definition mutual_info :: "('a::finite \<Rightarrow> real) \<Rightarrow> ('a \<Rightarrow> 'b::finite \<Rightarrow> real) \<Rightarrow> real" where
  "mutual_info P W = (\<Sum>x\<in>UNIV. P x * kl_div (W x) (out_dist P W))"

definition info_density :: "('a::finite \<Rightarrow> real) \<Rightarrow> ('a \<Rightarrow> 'b::finite \<Rightarrow> real) \<Rightarrow> 'a \<Rightarrow> 'b \<Rightarrow> real" where
  "info_density P W x y = ln (W x y / out_dist P W y)"

definition info_var_cond :: "('a::finite \<Rightarrow> real) \<Rightarrow> ('a \<Rightarrow> 'b::finite \<Rightarrow> real) \<Rightarrow> 'a \<Rightarrow> real" where
  "info_var_cond P W x =
     (let m = (\<Sum>y\<in>{y. 0 < W x y}. W x y * info_density P W x y)
      in (\<Sum>y\<in>{y. 0 < W x y}. W x y * (info_density P W x y - m)\<^sup>2))"

definition dispersion :: "('a::finite \<Rightarrow> real) \<Rightarrow> ('a \<Rightarrow> 'b::finite \<Rightarrow> real) \<Rightarrow> real" where
  "dispersion P W = (\<Sum>x\<in>UNIV. P x * info_var_cond P W x)"

definition compound_capacity :: "('a::finite \<Rightarrow> 'b::finite \<Rightarrow> real) \<Rightarrow> ('a \<Rightarrow> 'b \<Rightarrow> real) \<Rightarrow> real" where
  "compound_capacity W1 W2 = (SUP P\<in>{P. is_dist P}. min (mutual_info P W1) (mutual_info P W2))"

definition capacity :: "('a::finite \<Rightarrow> 'b::finite \<Rightarrow> real) \<Rightarrow> real" where
  "capacity W = (SUP P\<in>{P. is_dist P}. mutual_info P W)"

text \<open>Directional derivative dI_k(v) at P*.\<close>
definition dI :: "('a::finite \<Rightarrow> real) \<Rightarrow> ('a \<Rightarrow> 'b::finite \<Rightarrow> real) \<Rightarrow> ('a \<Rightarrow> real) \<Rightarrow> real" where
  "dI Pstar W v = (\<Sum>x\<in>UNIV. v x * kl_div (W x) (out_dist Pstar W))"

end

theory Submission imports Defs begin

text \<open>
  Since \<open>dI P W Q - I(Q) = D(QW \<parallel> PW) \<ge> 0\<close>, the
  mutual information is dominated by the linear function \<open>Q \<mapsto> dI P W Q\<close>; and the
  \<open>\<chi>\<^sup>2\<close>-bound on the same divergence gives \<open>I(P + t v) \<ge> I(P) + t dI P W v - K t\<^sup>2\<close>, so
  \<open>dI P W v\<close> is a lower directional derivative of \<open>I\<close> at \<open>P\<close>.

  At the maximin point \<open>P*\<close> the two informations agree: if \<open>I\<^sub>2(P*) < I\<^sub>1(P*)\<close>, no
  sum-zero direction can increase \<open>I\<^sub>2\<close>, so \<open>dI\<^sub>2\<close> vanishes on \<open>\<real>\<^sub>0\<^sup>N\<close>, i.e. all
  \<open>D(W\<^sub>2(\<cdot>|x) \<parallel> P*W\<^sub>2)\<close> are equal, and the linear upper bound forces \<open>C\<^sub>2 = I\<^sub>2(P*) = C\<close>.
  The same reasoning shows that neither \<open>dI\<^sub>k\<close> vanishes on \<open>\<real>\<^sub>0\<^sup>N\<close>, and that no direction
  increases both. Two nonzero linear functionals without a common ascent direction are
  negatively proportional, which is the claim.
\<close>

lemma out_dist_nonneg:
  assumes "is_channel W" "\<forall>x. 0 \<le> Q x"
  shows "0 \<le> out_dist Q W y"
  using assms unfolding out_dist_def is_channel_def is_dist_def
  by (intro sum_nonneg) simp

lemma out_dist_ge:
  assumes "is_channel W" "\<forall>x. 0 \<le> Q x"
  shows "Q x * W x y \<le> out_dist Q W y"
  unfolding out_dist_def
  by (rule member_le_sum[of x UNIV "\<lambda>x. Q x * W x y"])
     (use assms in \<open>auto simp: is_channel_def is_dist_def\<close>)

lemma sum_out_dist:
  assumes "is_channel W" "is_dist Q"
  shows "(\<Sum>y\<in>UNIV. out_dist Q W y) = 1"
proof -
  have "(\<Sum>y\<in>UNIV. out_dist Q W y) = (\<Sum>x\<in>UNIV. Q x * (\<Sum>y\<in>UNIV. W x y))"
    unfolding out_dist_def by (subst sum.swap) (simp add: sum_distrib_left)
  also have "\<dots> = 1" using assms by (simp add: is_channel_def is_dist_def)
  finally show ?thesis .
qed

lemma out_dist_eq_0_transfer:
  assumes ch: "is_channel W" and Ppos: "\<forall>x. 0 < P x" and z: "out_dist P W y = 0"
  shows "out_dist Q W y = 0"
proof -
  have "\<forall>x\<in>UNIV. 0 \<le> P x * W x y"
    using ch Ppos by (auto simp: is_channel_def is_dist_def less_imp_le)
  then have "\<forall>x. P x * W x y = 0"
    using z unfolding out_dist_def by (simp add: sum_nonneg_eq_0_iff)
  then have "\<forall>x. W x y = 0" using Ppos by (metis less_irrefl mult_eq_0_iff)
  then show ?thesis by (simp add: out_dist_def)
qed

lemma dI_lincomb: "dI P W (\<lambda>x. a * v x + b * w x) = a * dI P W v + b * dI P W w"
  unfolding dI_def by (simp add: algebra_simps sum.distrib sum_distrib_left)

lemma mutual_info_eq_dI: "mutual_info P W = dI P W P"
  unfolding mutual_info_def dI_def ..

subsection \<open>Bounds on a relative-entropy term\<close>

lemma mult_ln_div_ge:
  fixes p q :: real
  assumes "0 \<le> q" "0 \<le> p" "p = 0 \<Longrightarrow> q = 0"
  shows "q - p \<le> q * ln (q / p)"
proof (cases "q = 0")
  case False
  then have q: "0 < q" and p: "0 < p" using assms by (auto simp: less_le)
  have "ln (p / q) \<le> p / q - 1" using q p by (intro ln_le_minus_one) simp
  moreover have "ln (p / q) = - ln (q / p)" using q p by (simp add: ln_div)
  ultimately have "q * (1 - p / q) \<le> q * ln (q / p)" using q by (intro mult_left_mono) auto
  moreover have "q * (1 - p / q) = q - p" using q by (simp add: field_simps)
  ultimately show ?thesis by simp
qed (use assms in simp)

lemma mult_ln_div_le:
  fixes p q :: real
  assumes "0 \<le> q" "0 \<le> p" "p = 0 \<Longrightarrow> q = 0"
  shows "q * ln (q / p) \<le> (q - p)\<^sup>2 / p + (q - p)"
proof (cases "q = 0")
  case False
  then have q: "0 < q" and p: "0 < p" using assms by (auto simp: less_le)
  have "q * ln (q / p) \<le> q * (q / p - 1)"
    using q p by (intro mult_left_mono ln_le_minus_one) auto
  also have "\<dots> = (q - p)\<^sup>2 / p + (q - p)" using p by (simp add: field_simps power2_eq_square)
  finally show ?thesis .
qed (use assms in \<open>simp add: power2_eq_square\<close>)
(* Let $\mu=\mu_1\otimes\cdots\otimes\mu_n$ be a product probability measure on $\mathbb{R}^n$, where each $\mu_k$ is a log-concave probability measure on $\mathbb{R}$ with density $g_k$ and $\mathrm{Var}(X_k)=1$ for $X_k\sim\mu_k$. Then $\Gamma(\mu)\leq 2n$.
   Context: A probability measure on $\mathbb{R}$ is log-concave if it has a density $g$ with $\ln g$ concave. $B_2^n$ is the Euclidean unit ball. $\mu^+(\partial A)=\liminf_{\epsilon\to0^+}\frac{\mu((A+\epsilon B_2^n)\setminus A)}{\epsilon}$ and $\Gamma(\mu)=\sup\{\mu^+(\partial A): A \text{ a convex body (compact convex set with nonempty interior)}\}$. *)

theory Defs
  imports "HOL-Probability.Probability"
begin

text \<open>A log-concave density on the real line: a nonnegative Borel function whose
  logarithm is concave as an extended-valued function, i.e. its positivity set is
  convex and \<open>ln g\<close> is concave on it (\<open>ln g = -\<infinity>\<close> outside).\<close>
definition log_concave_density :: "(real \<Rightarrow> real) \<Rightarrow> bool" where
  "log_concave_density g \<longleftrightarrow>
     g \<in> borel_measurable lborel \<and> (\<forall>x. 0 \<le> g x) \<and>
     convex {x. 0 < g x} \<and> concave_on {x. 0 < g x} (\<lambda>x. ln (g x))"

definition enlarge :: "('a::real_normed_vector) set \<Rightarrow> real \<Rightarrow> 'a set" where
  "enlarge A \<epsilon> = {a + \<epsilon> *\<^sub>R b | a b. a \<in> A \<and> norm b \<le> 1}"

definition convex_body :: "('a::euclidean_space) set \<Rightarrow> bool" where
  "convex_body A \<longleftrightarrow> compact A \<and> convex A \<and> interior A \<noteq> {}"

definition surface_measure :: "'a::real_normed_vector measure \<Rightarrow> 'a set \<Rightarrow> ereal" where
  "surface_measure \<mu> A =
     Liminf (at_right 0) (\<lambda>\<epsilon>. ereal (measure \<mu> (enlarge A \<epsilon> - A) / \<epsilon>))"

definition Gamma_conv :: "'a::euclidean_space measure \<Rightarrow> ereal" where
  "Gamma_conv \<mu> = (SUP A \<in> {A. convex_body A}. surface_measure \<mu> A)"

end

theory Submission
  imports Defs
begin
text \<open>The fusion rules force the two vertex operators to be proportional on each pair of graded
  pieces: projecting \<open>Ybar(u,z)v\<close> (\<open>u \<in> V\<^sup>g\<close>, \<open>v \<in> V\<^sup>h\<close>) to \<open>V\<^sup>k\<close> gives an
  intertwining operator of \<open>V\<^sup>0\<close>-modules, which vanishes for \<open>k \<noteq> g + h\<close> and is a multiple
  of the one obtained from \<open>Y\<close> for \<open>k = g + h\<close>. Hence \<open>Ybar(u,z)v = c(g,h) Y(u,z)v\<close> with
  \<open>c(g,h) \<noteq> 0\<close>, both operators being nonzero by simplicity. The vacuum axioms, the commutator
  formula and associativity make \<open>c\<close> a normalized symmetric 2-cocycle on \<open>G\<close> with values in
  the nonzero complex numbers. As this group is divisible, characters of subgroups of abelian
  groups extend, so the abelian extension of \<open>G\<close> defined by \<open>c\<close> splits and
  \<open>c(g,h) = f(g+h) / (f(g) f(h))\<close>. Multiplying \<open>V\<^sup>g\<close> by \<open>f(g)\<close> is then an isomorphism.\<close>

section \<open>Extending characters with values in the nonzero complex numbers\<close>

lemma complex_nth_root_exists:
  assumes "(c::complex) \<noteq> 0" "n > 0"
  obtains t where "t ^ n = c"
proof -
  have "(\<lambda>z. (root n (norm c) * cis (Arg c / n)) * z) ` {z. z ^ n = 1} = {z. z ^ n = c}"
    using bij_betw_imp_surj_on[OF bij_betw_nth_root_unity[OF assms]] by simp
  moreover have "(1::complex) \<in> {z. z ^ n = 1}" by simp
  ultimately show ?thesis using that by blast
qed

context group
begin

lemma subgroup_Union_chain:
  assumes "C \<noteq> {}" and sub: "\<And>H. H \<in> C \<Longrightarrow> subgroup H G"
    and chain: "\<And>H K. H \<in> C \<Longrightarrow> K \<in> C \<Longrightarrow> H \<subseteq> K \<or> K \<subseteq> H"
  shows "subgroup (\<Union>C) G"
proof
  show "\<Union>C \<subseteq> carrier G"
  proof
    fix x assume "x \<in> \<Union>C"
    then obtain H where "H \<in> C" "x \<in> H" by blast
    then show "x \<in> carrier G" using subgroup.mem_carrier[OF sub] by blast
  qed
  obtain H where H: "H \<in> C" using \<open>C \<noteq> {}\<close> by blast
  then show "\<one> \<in> \<Union>C" using subgroup.one_closed[OF sub[OF H]] by blast
next
  fix x y assume "x \<in> \<Union>C" "y \<in> \<Union>C"
  then obtain H K where "H \<in> C" "x \<in> H" "K \<in> C" "y \<in> K" by blast
  then obtain L where L: "L \<in> C" "x \<in> L" "y \<in> L" using chain[of H K] by blast
  then show "x \<otimes> y \<in> \<Union>C" using subgroup.m_closed[OF sub[OF L(1)] L(2,3)] by blast
next
  fix x assume "x \<in> \<Union>C"
  then obtain H where H: "H \<in> C" "x \<in> H" by blast
  then show "inv x \<in> \<Union>C" using subgroup.m_inv_closed[OF sub[OF H(1)] H(2)] by blast
qed

lemma least_period_dvd:
  assumes S: "subgroup S G" and e: "e \<in> carrier G"
    and n: "n > 0" "e [^] int n \<in> S" and least: "\<And>m. 0 < m \<Longrightarrow> m < n \<Longrightarrow> e [^] int m \<notin> S"
    and k: "e [^] k \<in> S"
  shows "int n dvd k"
proof -
  have "e [^] k = (e [^] int n) [^] (k div int n) \<otimes> e [^] (k mod int n)"
    using e by (simp add: int_pow_pow int_pow_mult[symmetric])
  then have "e [^] (k mod int n) = inv ((e [^] int n) [^] (k div int n)) \<otimes> e [^] k"
    using e by (simp add: m_assoc[symmetric])
  moreover have "(e [^] int n) [^] (k div int n) \<in> S"
    using n(2) S by (simp add: subgroup_int_pow_closed)
  ultimately have "e [^] int (nat (k mod int n)) \<in> S"
    using k n(1) S by (simp add: subgroup.m_closed subgroup.m_inv_closed)
  moreover have "nat (k mod int n) < n" using n(1) by (simp add: nat_less_iff)
  ultimately have "\<not> 0 < nat (k mod int n)" using least[of "nat (k mod int n)"] by blast
  then have "k mod int n = 0" using n(1) pos_mod_sign[of "int n" k] by linarith
  then show ?thesis by (simp add: dvd_eq_mod_eq_0)
qed

end

lemma single_valued_Union_chain:
  assumes "\<And>R. R \<in> C \<Longrightarrow> single_valued R"
    and "\<And>R S. R \<in> C \<Longrightarrow> S \<in> C \<Longrightarrow> R \<subseteq> S \<or> S \<subseteq> R"
  shows "single_valued (\<Union>C)"
  unfolding single_valued_def
proof (intro allI impI)
  fix x a b assume "(x, a) \<in> \<Union>C" "(x, b) \<in> \<Union>C"
  then obtain R S where "R \<in> C" "(x, a) \<in> R" "S \<in> C" "(x, b) \<in> S" by blast
  then show "a = b" using assms unfolding single_valued_def by blast
qed

lemma single_valued_The_eq: "single_valued R \<Longrightarrow> (x, a) \<in> R \<Longrightarrow> (THE b. (x, b) \<in> R) = a"
  unfolding single_valued_def by blast

context comm_group
begin

definition character_on :: "'a set \<Rightarrow> ('a \<Rightarrow> complex) \<Rightarrow> bool" where
  "character_on S r \<longleftrightarrow> subgroup S G \<and> (\<forall>x\<in>S. r x \<noteq> 0) \<and> (\<forall>x\<in>S. \<forall>y\<in>S. r (x \<otimes> y) = r x * r y)"

lemma character_onD:
  assumes "character_on S r"
  shows "subgroup S G" "x \<in> S \<Longrightarrow> r x \<noteq> 0" "x \<in> S \<Longrightarrow> y \<in> S \<Longrightarrow> r (x \<otimes> y) = r x * r y"
  using assms unfolding character_on_def by blast+

lemma character_on_one:
  assumes "character_on S r"
  shows "r \<one> = 1"
proof -
  have S1: "\<one> \<in> S" using subgroup.one_closed[OF character_onD(1)[OF assms]] .
  have "r \<one> * r \<one> = r \<one> * 1" using character_onD(3)[OF assms S1 S1] by simp
  then show ?thesis using character_onD(2)[OF assms S1] by (metis mult_left_cancel)
qed

lemma character_on_inv:
  assumes r: "character_on S r" and x: "x \<in> S"
  shows "r (inv x) = inverse (r x)"
proof -
  have sS: "subgroup S G" by (rule character_onD(1)[OF r])
  have "r x * r (inv x) = 1"
    using character_onD(3)[OF r x subgroup.m_inv_closed[OF sS x]] character_on_one[OF r]
      subgroup.mem_carrier[OF sS x] by simp
  then show ?thesis by (metis inverse_unique)
qed

lemma character_on_int_pow:
  assumes r: "character_on S r" and x: "x \<in> S"
  shows "r (x [^] (k::int)) = r x powi k"
proof -
  have sS: "subgroup S G" by (rule character_onD(1)[OF r])
  have nat_pow: "x [^] n \<in> S \<and> r (x [^] n) = r x ^ n" for n :: nat
    by (induction n)
      (auto simp: character_on_one[OF r] subgroup.one_closed[OF sS] subgroup.m_closed[OF sS] x
        character_onD(3)[OF r] subgroup.mem_carrier[OF sS x] nat_pow_mult[symmetric])
  show ?thesis
  proof (cases "k \<ge> 0")
    case True
    then obtain n where "k = int n" by (metis nonneg_int_cases)
    then show ?thesis using nat_pow by (simp add: int_pow_int)
  next
    case False
    then obtain n where n: "k = - int n" by (metis nonpos_int_cases not_le order_less_imp_le)
    have "x [^] k = inv (x [^] n)" using n subgroup.mem_carrier[OF sS x] by (simp add: int_pow_neg_int)
    then show ?thesis using nat_pow[of n] character_on_inv[OF r] n by (simp add: power_int_minus)
  qed
qed

text \<open>This is where the divisibility of the nonzero complex numbers enters: the \<open>k\<close> with
  \<open>e [^] k \<in> S\<close> are the multiples of some \<open>n\<close>, and \<open>t\<close> is an \<open>n\<close>-th root of
  \<open>r (e [^] n)\<close>.\<close>

lemma character_on_compatible_root:
  assumes r: "character_on S r" and e: "e \<in> carrier G"
  obtains t where "t \<noteq> 0" "\<And>k. e [^] (k::int) \<in> S \<Longrightarrow> r (e [^] k) = t powi k"
proof (cases "\<exists>n::nat. n > 0 \<and> e [^] int n \<in> S")
  case False
  have "r (e [^] k) = 1 powi k" if "e [^] (k::int) \<in> S" for k
  proof -
    have "e [^] (- k) \<in> S"
      unfolding int_pow_neg[OF e] by (rule subgroup.m_inv_closed[OF character_onD(1)[OF r] that])
    then have "e [^] int (nat \<bar>k\<bar>) \<in> S" using that by (cases "k \<ge> 0") simp_all
    then have "\<not> nat \<bar>k\<bar> > 0" using False by meson
    then show ?thesis using character_on_one[OF r] by simp
  qed
  then show ?thesis using that[of 1] by simp
next
  case True
  define n where "n = (LEAST n::nat. n > 0 \<and> e [^] int n \<in> S)"
  have n: "n > 0" "e [^] int n \<in> S"
    using LeastI_ex[OF True] unfolding n_def by auto
  have least: "e [^] int m \<notin> S" if "0 < m" "m < n" for m
    using not_less_Least[of m "\<lambda>n. n > 0 \<and> e [^] int n \<in> S"] that unfolding n_def[symmetric] by simp
  obtain t where t: "t ^ n = r (e [^] int n)"
    using complex_nth_root_exists[OF character_onD(2)[OF r n(2)] n(1)] by blast
  have "t \<noteq> 0" using t character_onD(2)[OF r n(2)] n(1) by (auto simp: power_0_left)
  moreover have "r (e [^] k) = t powi k" if k: "e [^] k \<in> S" for k
  proof -
    obtain q where q: "k = int n * q"
      using least_period_dvd[OF character_onD(1)[OF r] e n least k] by blast
    then have "r (e [^] k) = r ((e [^] int n) [^] q)" using e by (simp add: int_pow_pow)
    also have "\<dots> = t powi k"
      using character_on_int_pow[OF r n(2)] t q by (simp add: power_int_mult)
    finally show ?thesis .
  qed
  ultimately show ?thesis using that by blast
qed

◇ ◇ ◇ ◇

▶ Required work
All lines from the top of the data through the line containing "min (mutual_info P" need to be retyped exactly, and nothing more.

▶ Solution
definition mutual_info :: "('a::finite \<Rightarrow> real) \<Rightarrow> ('a \<Rightarrow> 'b::finite \<Rightarrow> real) \<Rightarrow> real" where
  "mutual_info P W = (\<Sum>x\<in>UNIV. P x * kl_div (W x) (out_dist P W))"

definition info_density :: "('a::finite \<Rightarrow> real) \<Rightarrow> ('a \<Rightarrow> 'b::finite \<Rightarrow> real) \<Rightarrow> 'a \<Rightarrow> 'b \<Rightarrow> real" where
  "info_density P W x y = ln (W x y / out_dist P W y)"

definition info_var_cond :: "('a::finite \<Rightarrow> real) \<Rightarrow> ('a \<Rightarrow> 'b::finite \<Rightarrow> real) \<Rightarrow> 'a \<Rightarrow> real" where
  "info_var_cond P W x =
     (let m = (\<Sum>y\<in>{y. 0 < W x y}. W x y * info_density P W x y)
      in (\<Sum>y\<in>{y. 0 < W x y}. W x y * (info_density P W x y - m)\<^sup>2))"

definition dispersion :: "('a::finite \<Rightarrow> real) \<Rightarrow> ('a \<Rightarrow> 'b::finite \<Rightarrow> real) \<Rightarrow> real" where
  "dispersion P W = (\<Sum>x\<in>UNIV. P x * info_var_cond P W x)"

definition compound_capacity :: "('a::finite \<Rightarrow> 'b::finite \<Rightarrow> real) \<Rightarrow> ('a \<Rightarrow> 'b \<Rightarrow> real) \<Rightarrow> real" where
  "compound_capacity W1 W2 = (SUP P\<in>{P. is_dist P}. min (mutual_info P W1) (mutual_info P W2))"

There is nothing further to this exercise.